Instantiating a metaclass in python

Question

I wrote a class in python which inherits from type . I thought that this was the only requirement for a class so as to be called as a metaclass but had not defined a __new__ method for it. But on instantiating with this new class as the metaclass I got an error stating the below :

TypeError: type.__new__() takes exactly 3 arguments (0 given)

The following is my code :

class a(type) :
    pass 
c= a()

Now when the class statement is being processed , that the __new__ method of type is being called is my assumption. This is because the default metaclass of all classes in python is type .

Now when I am instantiating the class a , which I have assumed to be a metaclass under the assumption that any class inheriting from (type) is a metaclass , isn't it the same as creating a class ? Why should this not result in type.__new__ being called with correct arguments ?

Answer 1

This does not work:

class a(type) :
    pass 
c = a()

...for the same reason for which this does not work:

c = type()

In the end, both do the same.

To use it as a metaclass, do this:

>>> class Class(metaclass=a):
...     pass
...
>>> Class
<class '__main__.Class'>
>>> type(Class)
<class '__main__.a'>

You could also instantiate the class directly, as you tried, but you have to provide the correct arguments:

AnotherClass = type('AnotherClass', (), {})
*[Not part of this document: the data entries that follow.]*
text \<open>An arrow \<open>(x, p - q, y)\<close> of \<open>\<G>(X,\<sigma>)\<close> factors as the path \<open>(x, p, \<sigma>^p x)\<close> followed by
  the inverse of the path \<open>(y, q, \<sigma>^q y)\<close>, and every path is a product of generators
  \<open>(z, e\<^sub>i, \<sigma>\<^sub>i z)\<close>; so a cocycle is determined by its values \<open>\<phi>\<^sub>i\<close> on the generators, and these
  satisfy the compatibility condition (1) because \<open>\<sigma>\<^sub>i\<close> and \<open>\<sigma>\<^sub>j\<close> commute. Conversely, (1) makes the
  sum \<open>\<Phi>\<^sub>p(x)\<close> of the \<open>\<phi>\<^sub>i\<close> along a monotone lattice path from \<open>0\<close> to \<open>p\<close> independent of the path,
  with \<open>\<Phi>\<^sub>p\<^sub>+\<^sub>r(x) = \<Phi>\<^sub>r(x) + \<Phi>\<^sub>p(\<sigma>^r x)\<close>, and \<open>c(x, p - q, y) = \<Phi>\<^sub>p(x) - \<Phi>\<^sub>q(y)\<close> is then a
  well-defined cocycle. It is continuous since on a basic open set \<open>Z(U, p, q, V)\<close> it is given by
  this formula with \<open>p\<close>, \<open>q\<close> fixed. A cocycle agreeing on the generators with the coboundary of
  \<open>\<psi>\<close> is that coboundary.\<close>

lemma image_Int_vimage: "f ` (A \<inter> f -` C) = f ` A \<inter> C"
  by auto

definition unitvec_nat :: "nat \<Rightarrow> nat \<Rightarrow> nat" where
  "unitvec_nat i = (\<lambda>j. if j = i then 1 else 0)"

lemma idx_zero: "idx k (\<lambda>_. 0)"
  by (simp add: idx_def)

lemma idx_unitvec_nat: "i < k \<Longrightarrow> idx k (unitvec_nat i)"
  by (auto simp: idx_def unitvec_nat_def)

lemma unitvec_eq_vdiff: "unitvec i = vdiff (unitvec_nat i) (\<lambda>_. 0)"
  by (auto simp: vdiff_def unitvec_def unitvec_nat_def)

lemma vdiff_eq_unitvec_imp: "unitvec i = vdiff p q \<Longrightarrow> p = (\<lambda>l. q l + unitvec_nat i l)"
proof (rule ext)
  fix l assume "unitvec i = vdiff p q"
  then have "int (p l) - int (q l) = (if l = i then 1 else 0)"
    by (simp add: unitvec_def vdiff_def fun_eq_iff)
  then show "p l = q l + unitvec_nat i l" by (simp add: unitvec_nat_def split: if_splits)
qed

lemma idx_induct [consumes 1, case_names zero step]:
  assumes "idx k r" and "P (\<lambda>_. 0)"
    and "\<And>r i. idx k r \<Longrightarrow> i < k \<Longrightarrow> P r \<Longrightarrow> P (\<lambda>l. r l + unitvec_nat i l)"
  shows "P r"
  using assms(1)
proof (induction "sum r {..<k}" arbitrary: r)
  case 0
  then have "r = (\<lambda>_. 0)"
    unfolding idx_def fun_eq_iff by (metis finite_lessThan lessThan_iff not_less sum_eq_0_iff)
  then show ?case using assms(2) by simp
next
  case (Suc n)
  then obtain i where i: "i < k" "r i > 0"
    by (metis lessThan_iff not_gr0 sum.neutral nat.distinct(1))
  define r' where "r' = r(i := r i - 1)"
  have r: "r = (\<lambda>l. r' l + unitvec_nat i l)"
    using i by (auto simp: r'_def unitvec_nat_def)
  have idx: "idx k r'" using Suc.prems i by (auto simp: idx_def r'_def)
  have "sum r {..<k} = sum r' {..<k} + sum (unitvec_nat i) {..<k}"
    by (subst r) (simp add: sum.distrib)
  also have "sum (unitvec_nat i) {..<k} = 1"
    using i by (simp add: unitvec_nat_def)
  finally have "P r'" using Suc.hyps idx by simp
  then show ?case using assms(3)[OF idx i(1)] r by simp
qed

lemma spow_cong: "(\<And>l. l < k \<Longrightarrow> p l = p' l) \<Longrightarrow> spow \<sigma> k p = spow \<sigma> k p'"
  by (induction k) auto

lemma spow_zero: "spow \<sigma> k (\<lambda>_. 0) = id"
  by (induction k) auto

text \<open>\<open>path_sum \<phi> \<sigma> k p x\<close> sums the \<open>\<phi>\<^sub>i\<close> along the lattice path from \<open>0\<close> to \<open>p\<close> that first
  increases coordinate \<open>k - 1\<close>, then \<open>k - 2\<close>, and so on, following the order in which \<open>spow\<close>
  applies the \<open>\<sigma>\<^sub>i\<close>.\<close>

fun orbit_sum :: "(nat \<Rightarrow> 'a \<Rightarrow> 'h::comm_monoid_add) \<Rightarrow> (nat \<Rightarrow> 'a \<Rightarrow> 'a) \<Rightarrow> nat \<Rightarrow> nat \<Rightarrow> 'a \<Rightarrow> 'h" where
  "orbit_sum \<phi> \<sigma> i 0 x = 0"
| "orbit_sum \<phi> \<sigma> i (Suc n) x = orbit_sum \<phi> \<sigma> i n x + \<phi> i ((\<sigma> i ^^ n) x)"

fun path_sum :: "(nat \<Rightarrow> 'a \<Rightarrow> 'h::comm_monoid_add) \<Rightarrow> (nat \<Rightarrow> 'a \<Rightarrow> 'a) \<Rightarrow> nat \<Rightarrow> (nat \<Rightarrow> nat) \<Rightarrow> 'a \<Rightarrow> 'h" where
  "path_sum \<phi> \<sigma> 0 p x = 0"
| "path_sum \<phi> \<sigma> (Suc k) p x = orbit_sum \<phi> \<sigma> k (p k) x + path_sum \<phi> \<sigma> k p ((\<sigma> k ^^ p k) x)"

lemma orbit_sum_Suc': "orbit_sum \<phi> \<sigma> i (Suc n) x = \<phi> i x + orbit_sum \<phi> \<sigma> i n (\<sigma> i x)"
  by (induction n) (simp_all add: add.assoc funpow_swap1)

lemma path_sum_cong: "(\<And>l. l < k \<Longrightarrow> p l = p' l) \<Longrightarrow> path_sum \<phi> \<sigma> k p = path_sum \<phi> \<sigma> k p'"
  by (induction k) (auto simp: fun_eq_iff)

lemma path_sum_zero: "path_sum \<phi> \<sigma> k (\<lambda>_. 0) x = 0"
  by (induction k arbitrary: x) auto

text \<open>The representation \<open>(p, q)\<close> of an arrow is picked by \<open>SOME\<close>; for compatible \<open>\<phi>\<close> the value
  does not depend on this choice (\<open>cocycle_of_eq\<close>).\<close>

definition cocycle_of :: "nat \<Rightarrow> (nat \<Rightarrow> 'a \<Rightarrow> 'a) \<Rightarrow> (nat \<Rightarrow> 'a \<Rightarrow> 'h::ab_group_add)
    \<Rightarrow> 'a \<times> (nat \<Rightarrow> int) \<times> 'a \<Rightarrow> 'h" where
  "cocycle_of k \<sigma> \<phi> = (\<lambda>(x, m, y).
     let (p, q) = (SOME (p, q). idx k p \<and> idx k q \<and> m = vdiff p q \<and> spow \<sigma> k p x = spow \<sigma> k q y)
     in path_sum \<phi> \<sigma> k p x - path_sum \<phi> \<sigma> k q y)"

locale commuting_maps =
  fixes X :: "'a set" and \<sigma> :: "nat \<Rightarrow> 'a \<Rightarrow> 'a" and k :: nat
  assumes maps_into: "i < k \<Longrightarrow> x \<in> X \<Longrightarrow> \<sigma> i x \<in> X"
    and commute: "i < k \<Longrightarrow> j < k \<Longrightarrow> x \<in> X \<Longrightarrow> \<sigma> i (\<sigma> j x) = \<sigma> j (\<sigma> i x)"
begin

lemma funpow_maps_into: "i < k \<Longrightarrow> x \<in> X \<Longrightarrow> (\<sigma> i ^^ n) x \<in> X"
  by (induction n) (auto intro: maps_into)

lemma funpow_commute: "i < k \<Longrightarrow> j < k \<Longrightarrow> x \<in> X \<Longrightarrow> (\<sigma> i ^^ n) (\<sigma> j x) = \<sigma> j ((\<sigma> i ^^ n) x)"
  by (induction n) (auto simp: commute funpow_maps_into)

lemma spow_maps_into: "k' \<le> k \<Longrightarrow> x \<in> X \<Longrightarrow> spow \<sigma> k' p x \<in> X"
  by (induction k' arbitrary: x) (auto simp: funpow_maps_into)

lemma spow_add_unitvec_nat:
  "k' \<le> k \<Longrightarrow> i < k' \<Longrightarrow> x \<in> X \<Longrightarrow> spow \<sigma> k' (\<lambda>l. p l + unitvec_nat i l) x = spow \<sigma> k' p (\<sigma> i x)"
proof (induction k' arbitrary: x)
  case 0
  then show ?case by simp
next
  case (Suc k')
  have unchanged: "spow \<sigma> k' (\<lambda>l. p l + unitvec_nat k' l) = spow \<sigma> k' p"
    by (rule spow_cong) (simp add: unitvec_nat_def)
  show ?case
  proof (cases "i = k'")
    case True
    then show ?thesis
      by (simp only: spow.simps comp_def unchanged) (simp add: unitvec_nat_def funpow_swap1)
  next
    case False
    then show ?thesis
      using Suc by (simp add: unitvec_nat_def funpow_maps_into funpow_commute)
  qed
qed

lemma spow_unitvec_nat: "i < k \<Longrightarrow> x \<in> X \<Longrightarrow> spow \<sigma> k (unitvec_nat i) x = \<sigma> i x"
  using spow_add_unitvec_nat[of k i x "\<lambda>_. 0"] by (simp add: spow_zero)

lemma spow_add: "idx k r \<Longrightarrow> x \<in> X \<Longrightarrow> spow \<sigma> k (\<lambda>l. p l + r l) x = spow \<sigma> k p (spow \<sigma> k r x)"
proof (induction r arbitrary: x rule: idx_induct)
  case zero
  then show ?case by (simp add: spow_zero)
next
  case (step r i)
  have "spow \<sigma> k (\<lambda>l. p l + (r l + unitvec_nat i l)) x = spow \<sigma> k (\<lambda>l. (p l + r l) + unitvec_nat i l) x"
    by (simp add: add.assoc)
  also have "\<dots> = spow \<sigma> k p (spow \<sigma> k r (\<sigma> i x))"
    using step maps_into by (simp add: spow_add_unitvec_nat)
  also have "\<dots> = spow \<sigma> k p (spow \<sigma> k (\<lambda>l. r l + unitvec_nat i l) x)"
    using step by (simp add: spow_add_unitvec_nat)
  finally show ?case .
qed

lemma spow_swap: "idx k p \<Longrightarrow> idx k r \<Longrightarrow> x \<in> X \<Longrightarrow> spow \<sigma> k p (spow \<sigma> k r x) = spow \<sigma> k r (spow \<sigma> k p x)"
  using spow_add[of r x p] spow_add[of p x r] by (simp add: add.commute)

lemma grpd_memI:
  "idx k p \<Longrightarrow> idx k q \<Longrightarrow> x \<in> X \<Longrightarrow> y \<in> X \<Longrightarrow> spow \<sigma> k p x = spow \<sigma> k q y
     \<Longrightarrow> (x, vdiff p q, y) \<in> grpd X \<sigma> k"
  unfolding grpd_def by blast

lemma generator_in_grpd: "i < k \<Longrightarrow> x \<in> X \<Longrightarrow> (x, unitvec i, \<sigma> i x) \<in> grpd X \<sigma> k"
  using grpd_memI[of "unitvec_nat i" "\<lambda>_. 0" x "\<sigma> i x"]
  by (simp add: unitvec_eq_vdiff idx_unitvec_nat idx_zero spow_unitvec_nat spow_zero maps_into)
YetAnotherClass = a('YetAnotherClass', (), {})

Answer 2

This error is due to you not respecting type's signature.

Inheriting from type is indeed enough for a class to be used as a metaclass, but the thing is you actually have to use it as a metaclass.

type itself has "two working modes: if called with 3 positional arguments, it creates a new class. And then type is the metaclass of that class. If called with 1 positional argument, it creates no new class or object at all - instead, it just returns that object's class.

But it makes no sense calling type with no arguments at all. And the arguments in the modes above are not optional. So, you will get a TypeError if your try to call type with no arguments at all - and that is not a "TypeError because something went wrong with the type class" - it is a "TypeError because your call did not match the callable signature".

When you inherit from type and change nothing, you class will behave exactly the same as the original type: you can call it with either one or three positional arguments, and the code responsible for working in either mode lies in type.__new__.

Now, if you want to use your class as a metaclass, you can indeed call it, but in the three argument form: you ass it the new class name, its bases and its attributes - which can actually be all empty, but you have to pass a string, a tuple and a dictionary as these three arguments:

class A(type): pass

myclass = A("", (), {})

And now, A is working as the metaclass for myclass:

In [16]: type(myclass)                                                                                   
Out[16]: __main__.A

However, whenever one defines a metaclass it is more usual to use it with the metaclass= named argument when declaring a class body:

In [17]: class  MyOtherClass(metaclass=A): 
    ...:     pass 
    ...:                                                                                                 

In [18]: type(MyOtherClass)                                                                              
Out[18]: __main__.A

Python's runtime will then compile this class body, and when the bytecod for it is executed, it will make the call to your metaclass' __new__ (and then __init__, and before that its __prepare__) method, so that it works as a metaclass.

So, just in case it is not clear: when you derive a class from type intending to use it as a metaclass, there is no need to further instantiate it to say that "it is now a metaclass". A subclass of type already can be a metaclass, and its instances will be classes, that will have it as a metaclass.